In this public lecture, held on 6th November at King’s College London, Prof. William Easterly spoke on the topic “Paternalists vs. Liberals in Economic Development (1776-2023)”.
About the talk
The most important division in development debates is between those who choose for others what they should want versus those who let others choose for themselves what they actually do want. This division goes back to the 18th century Enlightenment, where many philosophers offered a paternalist view of the West colonizing the Rest in the name of development. Adam Smith rejected this and offered instead a liberal vision of individuals choosing for themselves in markets and nations determining their own development paths through international trade.

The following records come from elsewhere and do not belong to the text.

text \<open>Write \<open>p = \<Sum>\<^sub>j a\<^sub>j He\<^sub>j\<close> in the probabilists' Hermite polynomials. If \<open>\<rho>\<^sup>2 + \<sigma>\<^sup>2 = 1\<close> and
  \<open>Z\<close> is standard Gaussian, then \<open>E He\<^sub>j(\<mu> + \<sigma> Z) = \<rho>\<^sup>j He\<^sub>j(\<mu> / \<rho>)\<close>; with \<open>\<rho> = sqrt \<delta>\<close> the polynomial
  \<open>r = \<Sum>\<^sub>j a\<^sub>j \<delta>^(-j/2) He\<^sub>j\<close> therefore has the same mean under \<open>B\<close> as \<open>p\<close> has under \<open>A\<close>, and
  the same Gaussian mean \<open>a\<^sub>0\<close>. By orthogonality its Gaussian second moment
  \<open>\<Sum>\<^sub>j j! a\<^sub>j\<^sup>2 \<delta>^(-j)\<close> lies between \<open>1\<close> and \<open>\<delta>^(-m')\<close>, so the hypothesis applied to \<open>r\<close>
  rescaled to unit second moment gives the bound \<open>\<lambda> \<delta>^(-m'/2)\<close>; the factor \<open>sqrt m' \<ge> 1\<close> is slack.\<close>

definition gauss_moment :: "nat \<Rightarrow> real" where
  "gauss_moment n = (if even n then fact n / (2 ^ (n div 2) * fact (n div 2)) else 0)"

lemma gauss_moment_Suc_Suc: "gauss_moment (Suc (Suc n)) = real (Suc n) * gauss_moment n"
proof (cases "even n")
  case True
  then obtain k where n: "n = 2 * k" by blast
  have "fact (2 * k + 2) = (2 * real (k + 1)) * (real (2 * k + 1) * fact (2 * k) :: real)"
    by (simp add: algebra_simps)
  moreover have "2 ^ (k + 1) * fact (k + 1) = (2 * real (k + 1)) * (2 ^ k * fact k :: real)"
    by (simp add: algebra_simps)
  ultimately have "fact (2 * k + 2) / (2 ^ (k + 1) * fact (k + 1))
      = real (2 * k + 1) * (fact (2 * k) / (2 ^ k * fact k) :: real)"
    by (simp only: mult_divide_mult_cancel_left_if times_divide_eq_right) simp
  then show ?thesis by (simp add: gauss_moment_def n)
next
  case False
  then show ?thesis by (simp add: gauss_moment_def)
qed
lemma Polygamma_ratio_strict_mono:
  assumes "0 < x" "x < (y::real)" "n > 0"
  shows "Polygamma (Suc n) x / Polygamma n x < Polygamma (Suc n) y / Polygamma n y"
proof (rule DERIV_pos_imp_increasing[OF assms(2)])
  fix z assume "x \<le> z" "z \<le> y"
  hence z: "z > 0"
    using assms by simp
  have "DERIV (\<lambda>t. Polygamma (Suc n) t / Polygamma n t) z :>
      (Polygamma (Suc (Suc n)) z * Polygamma n z - Polygamma (Suc n) z * Polygamma (Suc n) z)
        / (Polygamma n z * Polygamma n z)"
    using z Polygamma_real_nonzero[OF z assms(3)]
    by (auto intro!: derivative_eq_intros simp: power2_eq_square)
  moreover have "(Polygamma (Suc (Suc n)) z * Polygamma n z - Polygamma (Suc n) z * Polygamma (Suc n) z)
        / (Polygamma n z * Polygamma n z) > 0"
    using Polygamma_sq_less[OF z assms(3)] Polygamma_mult_pos[OF z z assms(3)]
    by (intro divide_pos_pos) (simp_all add: power2_eq_square algebra_simps)
  ultimately show "\<exists>d. DERIV (\<lambda>t. Polygamma (Suc n) t / Polygamma n t) z :> d \<and> d > 0"
    by blast
qed

lemma Polygamma_cross_pos:
  assumes "0 < x" "x < (y::real)" "n > 0"
  shows "Polygamma n x * Polygamma (Suc n) y - Polygamma n y * Polygamma (Suc n) x > 0"
proof -
  have "Polygamma n x * Polygamma (Suc n) y - Polygamma n y * Polygamma (Suc n) x
      = (Polygamma n x * Polygamma n y)
        * (Polygamma (Suc n) y / Polygamma n y - Polygamma (Suc n) x / Polygamma n x)"
    using Polygamma_real_nonzero[of x n] Polygamma_real_nonzero[of y n] assms
    by (simp add: field_simps)
  also have "\<dots> > 0"
    using Polygamma_mult_pos[of x y n] Polygamma_ratio_strict_mono[OF assms] assms by simp
  finally show ?thesis .
qed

Today this debate continues between a paternalist view of Western foreign aid (and sometimes military intervention) as necessary to force development on the Rest, against a liberal view of the right of people everywhere to consent to their own development. Paternalist views often seem more popular. But liberal ideas have succeeded in making commerce more common than conquest in relations between the West and the Rest, as well as spreading economic, personal, and political freedom.
About the speaker
William Easterly is Professor of Economics at New York University and Co-director of the NYU Development Research Institute, which won the 2009 BBVA Frontiers of Knowledge in Development Cooperation Award. He is the author of three books: The Tyranny of Experts: Economists, Dictators, and the Forgotten Rights of the Poor (March 2014), The White Man’s Burden: Why the West’s Efforts to Aid the Rest Have Done So Much Ill and So Little Good (2006), which won the FA Hayek Award from the Manhattan Institute, and The Elusive Quest for Growth: Economists’ Adventures and Misadventures in the Tropics (2001). He has published more than 60 peer-reviewed academic articles, and has written columns and reviews for the New York Times, Wall Street Journal, Financial Times, New York Review of Books, and Washington Post. He has served as Co-Editor of the Journal of Development Economics and as Director of the blog Aid Watch. He is a Research Associate of NBER, and senior fellow at BREAD. Foreign Policy Magazine named him among the Top 100 Global Public Intellectuals in 2008 and 2009, and Thomson Reuters listed him as one of Highly Cited Researchers of 2014. He is also the 11th most famous native of Bowling Green, Ohio.